> [Stored data]
┌────────
(* Let $H$ and $E$ be Hilbert spaces, let $T:H\to H$ be a bounded linear operator with $\ker T=\{0\}$, and let $\gamma:E\to H$ be a bounded linear operator with $\ker\gamma=\{0\}$ and $\mathcal{R}(T)\cap\mathcal{R}(\gamma)=\{0\}$. Define linear maps $A:\mathcal{D}(A)\to H$ and $\Gamma_0:\mathcal{D}(A)\to E$ on $\mathcal{D}(A)=\mathcal{R}(T)\dot+\mathcal{R}(\gamma)$ by $A(Tf+\gamma\varphi)=f$ and $\Gamma_0(Tf+\gamma\varphi)=\varphi$ for $f\in H$, $\varphi\in E$. If $\lambda\in\mathbb{C}$ is such that $I-\lambda T$ is boundedly invertible in $H$, then for every $f\in H$ and $\varphi\in E$ the problem of finding $u\in\mathcal{D}(A)$ with \[(A-\lambda I)u=f,\qquad \Gamma_0u=\varphi\] has a unique solution, namely \[u=T(I-\lambda T)^{-1}f+(I-\lambda T)^{-1}\gamma\varphi .\]
   Context: $\mathcal{R}(\cdot)$ denotes the range of an operator and $\dot+$ a direct sum of linear subspaces; $A$ and $\Gamma_0$ are well defined by the stated injectivity and trivial-intersection assumptions. *)

theory Defs
  imports "HOL-Analysis.Analysis"
begin

class complex_vector = real_vector +
  fixes scaleC :: "complex \<Rightarrow> 'a \<Rightarrow> 'a" (infixr \<open>*\<^sub>C\<close> 75)
  assumes scaleC_add_right: "scaleC a (x + y) = scaleC a x + scaleC a y"
    and scaleC_add_left: "scaleC (a + b) x = scaleC a x + scaleC b x"
    and scaleC_scaleC: "scaleC a (scaleC b x) = scaleC (a * b) x"
    and scaleC_one: "scaleC 1 x = x"
    and scaleR_scaleC: "scaleR r x = scaleC (complex_of_real r) x"

class complex_hilbert = complex_vector + real_normed_vector + complete_space +
  fixes cinner :: "'a \<Rightarrow> 'a \<Rightarrow> complex"
  assumes cinner_commute: "cinner x y = cnj (cinner y x)"
    and cinner_add_left: "cinner (x + y) z = cinner x z + cinner y z"
    and cinner_scaleC_left: "cinner (scaleC a x) y = cnj a * cinner x y"
    and cinner_ge_zero: "Im (cinner x x) = 0 \<and> Re (cinner x x) \<ge> 0"
    and cinner_eq_zero_iff: "cinner x x = 0 \<longleftrightarrow> x = 0"
    and norm_eq_sqrt_cinner: "norm x = sqrt (Re (cinner x x))"

definition clinear :: "('a::complex_vector \<Rightarrow> 'b::complex_vector) \<Rightarrow> bool" where
  "clinear f \<longleftrightarrow> (\<forall>x y. f (x + y) = f x + f y) \<and> (\<forall>c x. f (scaleC c x) = scaleC c (f x))"

definition bounded_clinear ::
  "('a::{complex_vector,real_normed_vector} \<Rightarrow> 'b::{complex_vector,real_normed_vector}) \<Rightarrow> bool" where
  "bounded_clinear f \<longleftrightarrow> clinear f \<and> (\<exists>K. \<forall>x. norm (f x) \<le> norm x * K)"

definition domA :: "('h \<Rightarrow> 'h::complex_vector) \<Rightarrow> ('e \<Rightarrow> 'h) \<Rightarrow> 'h set" where
  "domA T \<gamma> = {T f + \<gamma> \<phi> | f \<phi>. True}"

definition opA :: "('h \<Rightarrow> 'h::complex_vector) \<Rightarrow> ('e \<Rightarrow> 'h) \<Rightarrow> 'h \<Rightarrow> 'h" where
  "opA T \<gamma> u = (THE f. \<exists>\<phi>. u = T f + \<gamma> \<phi>)"

definition Gamma0 :: "('h \<Rightarrow> 'h::complex_vector) \<Rightarrow> ('e \<Rightarrow> 'h) \<Rightarrow> 'h \<Rightarrow> 'e" where
  "Gamma0 T \<gamma> u = (THE \<phi>. \<exists>f. u = T f + \<gamma> \<phi>)"

end

theory Submission
  imports Defs
begin

(* Every u in D(A) is uniquely T g + \<gamma> p, and then A u = g, \<Gamma>_0 u = p.  Hence
   (A - \<lambda>) u = f, \<Gamma>_0 u = \<phi> says p = \<phi> and (I - \<lambda>T) g = f + \<lambda>\<gamma>\<phi>, so g = R (f + \<lambda>\<gamma>\<phi>)
   with R = (I - \<lambda>T)^-1, and T g + \<gamma>\<phi> = T R f + R \<gamma>\<phi> because R x = T (\<lambda> R x) + x. *)

lemma scaleC_zero_right: "c *\<^sub>C (0::'a::complex_vector) = 0"
  using scaleC_add_right[of c "0::'a" 0] by simp

lemma scaleC_diff_right: "c *\<^sub>C (x - y) = c *\<^sub>C x - c *\<^sub>C (y::'a::complex_vector)"
  using scaleC_add_right[of c "x - y" y] by (simp add: algebra_simps)

lemma clinear_add: "clinear f \<Longrightarrow> f (x + y) = f x + f y"
  unfolding clinear_def by blast

lemma clinear_scaleC: "clinear f \<Longrightarrow> f (c *\<^sub>C x) = c *\<^sub>C f x"
  unfolding clinear_def by blast

lemma clinear_diff: "clinear f \<Longrightarrow> f (x - y) = f x - f y"
  unfolding clinear_def by (metis add_diff_cancel diff_add_cancel eq_diff_eq)

lemma bounded_clinear_clinear: "bounded_clinear f \<Longrightarrow> clinear f"
  unfolding bounded_clinear_def by blast

locale direct_sum_of_ranges =
  fixes T :: "'h::complex_vector \<Rightarrow> 'h" and \<gamma> :: "'e::complex_vector \<Rightarrow> 'h"
  assumes clinear_T: "clinear T"
    and clinear_\<gamma>: "clinear \<gamma>"
    and T_ker: "{x. T x = 0} = {0}"
    and \<gamma>_ker: "{x. \<gamma> x = 0} = {0}"
    and ranges_inter: "range T \<inter> range \<gamma> = {0}"
begin

lemma decomposition_unique:
  assumes "T f + \<gamma> p = T f' + \<gamma> p'"
  shows "f = f' \<and> p = p'"
proof -
  have eq: "T (f - f') = \<gamma> (p' - p)"
    using assms clinear_diff[OF clinear_T, of f f'] clinear_diff[OF clinear_\<gamma>, of p' p]
    by (metis add_diff_cancel_left' add_diff_eq diff_add_eq diff_diff_eq2)
  then have "T (f - f') \<in> range T \<inter> range \<gamma>"
    by (metis IntI rangeI)
  then have zero: "T (f - f') = 0"
    using ranges_inter by auto
  then have "f - f' = 0"
    using T_ker by blast
  moreover have "p' - p = 0"
    using zero eq \<gamma>_ker by (metis (mono_tags, lifting) mem_Collect_eq singletonD)
  ultimately show ?thesis
    by simp
qed

lemma opA_decomposition [simp]: "opA T \<gamma> (T g + \<gamma> p) = g"
  unfolding opA_def by (rule the_equality) (auto dest: decomposition_unique)

lemma Gamma0_decomposition [simp]: "Gamma0 T \<gamma> (T g + \<gamma> p) = p"
  unfolding Gamma0_def by (rule the_equality) (auto dest: decomposition_unique)

lemma resolvent_eq_T_plus_id:
  assumes "\<And>x. R x - l *\<^sub>C T (R x) = x"
  shows "R x = T (l *\<^sub>C R x) + x"
  using assms[of x] clinear_scaleC[OF clinear_T] by (simp add: algebra_simps)

lemma resolvent_formula_solves:
  assumes R_right: "\<And>x. R x - l *\<^sub>C T (R x) = x"
  shows "T (R f) + R (\<gamma> \<phi>) \<in> domA T \<gamma>
    \<and> opA T \<gamma> (T (R f) + R (\<gamma> \<phi>)) - l *\<^sub>C (T (R f) + R (\<gamma> \<phi>)) = f
    \<and> Gamma0 T \<gamma> (T (R f) + R (\<gamma> \<phi>)) = \<phi>"
proof -
  define g where "g = R f + l *\<^sub>C R (\<gamma> \<phi>)"
  have "T g + \<gamma> \<phi> = T (R f) + (T (l *\<^sub>C R (\<gamma> \<phi>)) + \<gamma> \<phi>)"
    unfolding g_def using clinear_add[OF clinear_T] by (simp add: algebra_simps)
  also have "\<dots> = T (R f) + R (\<gamma> \<phi>)"
    using resolvent_eq_T_plus_id[OF R_right] by simp
  finally have u_decomp: "T (R f) + R (\<gamma> \<phi>) = T g + \<gamma> \<phi>" ..
  have "g - l *\<^sub>C (T g + \<gamma> \<phi>)
      = (R f - l *\<^sub>C T (R f)) + l *\<^sub>C (R (\<gamma> \<phi>) - l *\<^sub>C T (R (\<gamma> \<phi>)) - \<gamma> \<phi>)"
    unfolding g_def using clinear_add[OF clinear_T] clinear_scaleC[OF clinear_T]
    by (simp add: scaleC_add_right scaleC_diff_right scaleC_scaleC algebra_simps)
  also have "\<dots> = f"
    using R_right[of f] R_right[of "\<gamma> \<phi>"] by (simp add: scaleC_zero_right)
  finally show ?thesis
    unfolding u_decomp domA_def by auto
qed

lemma resolvent_formula_unique:
  assumes "clinear R"
    and R_left: "\<And>x. R (x - l *\<^sub>C T x) = x"
    and R_right: "\<And>x. R x - l *\<^sub>C T (R x) = x"
    and u: "u \<in> domA T \<gamma>" "opA T \<gamma> u - l *\<^sub>C u = f" "Gamma0 T \<gamma> u = \<phi>"
  shows "u = T (R f) + R (\<gamma> \<phi>)"
proof -
  obtain h p where u_decomp: "u = T h + \<gamma> p"
    using u(1) unfolding domA_def by blast
  then have p: "p = \<phi>"
    using u(3) by simp
  then have "h - l *\<^sub>C (T h + \<gamma> \<phi>) = f"
    using u(2) u_decomp by simp
  then have "h - l *\<^sub>C T h = f + l *\<^sub>C \<gamma> \<phi>"
    by (simp add: scaleC_add_right algebra_simps)
  then have "h = R (f + l *\<^sub>C \<gamma> \<phi>)"
    using R_left[of h] by simp
  also have "\<dots> = R f + l *\<^sub>C R (\<gamma> \<phi>)"
    using clinear_add[OF \<open>clinear R\<close>] clinear_scaleC[OF \<open>clinear R\<close>] by simp
  finally have h: "h = R f + l *\<^sub>C R (\<gamma> \<phi>)" .
  have "u = T (R f) + (T (l *\<^sub>C R (\<gamma> \<phi>)) + \<gamma> \<phi>)"
    unfolding u_decomp p h using clinear_add[OF clinear_T] by (simp add: algebra_simps)
  also have "T (l *\<^sub>C R (\<gamma> \<phi>)) + \<gamma> \<phi> = R (\<gamma> \<phi>)"
    using resolvent_eq_T_plus_id[OF R_right] by simp
  finally show ?thesis .
qed

end

theorem theorem1:
  fixes T :: "'h::complex_hilbert \<Rightarrow> 'h"
    and \<gamma> :: "'e::complex_hilbert \<Rightarrow> 'h"
    and l :: complex
    and R :: "'h \<Rightarrow> 'h"
  assumes T_bdd: "bounded_clinear T"
    and T_ker: "{x. T x = 0} = {0}"
    and \<gamma>_bdd: "bounded_clinear \<gamma>"
    and \<gamma>_ker: "{x. \<gamma> x = 0} = {0}"
    and ran_int: "range T \<inter> range \<gamma> = {0}"
    and R_bdd: "bounded_clinear R"
    and R_left: "\<And>x. R (x - l *\<^sub>C T x) = x"
    and R_right: "\<And>x. R x - l *\<^sub>C T (R x) = x"
  shows "\<forall>f \<phi>.
           (\<exists>!u. u \<in> domA T \<gamma> \<and> opA T \<gamma> u - l *\<^sub>C u = f \<and> Gamma0 T \<gamma> u = \<phi>)
         \<and> (let u = T (R f) + R (\<gamma> \<phi>) in
              u \<in> domA T \<gamma> \<and> opA T \<gamma> u - l *\<^sub>C u = f \<and> Gamma0 T \<gamma> u = \<phi>)"
proof (intro allI conjI)
  fix f \<phi>
  interpret direct_sum_of_ranges T \<gamma>
    using T_bdd \<gamma>_bdd T_ker \<gamma>_ker ran_int
    by (simp add: direct_sum_of_ranges_def bounded_clinear_clinear)
  note solves = resolvent_formula_solves[of R l, OF R_right]
  note unique = resolvent_formula_unique[OF bounded_clinear_clinear[OF R_bdd] R_left R_right]
  show "\<exists>!u. u \<in> domA T \<gamma> \<and> opA T \<gamma> u - l *\<^sub>C u = f \<and> Gamma0 T \<gamma> u = \<phi>"
    by (rule ex1I[of _ "T (R f) + R (\<gamma> \<phi>)"]) (use solves unique in auto)
  show "let u = T (R f) + R (\<gamma> \<phi>) in
          u \<in> domA T \<gamma> \<and> opA T \<gamma> u - l *\<^sub>C u = f \<and> Gamma0 T \<gamma> u = \<phi>"
    unfolding Let_def by (rule solves)
qed

end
└────────
> [ACTIVITY] Output the lines above between the one holding "class complex_hilbert = complex_vector" and the one holding "(scaleC a x)", inclusive, with nothing before or after them.

> [REPLY]
class complex_hilbert = complex_vector + real_normed_vector + complete_space +
  fixes cinner :: "'a \<Rightarrow> 'a \<Rightarrow> complex"
  assumes cinner_commute: "cinner x y = cnj (cinner y x)"
    and cinner_add_left: "cinner (x + y) z = cinner x z + cinner y z"
    and cinner_scaleC_left: "cinner (scaleC a x) y = cnj a * cinner x y"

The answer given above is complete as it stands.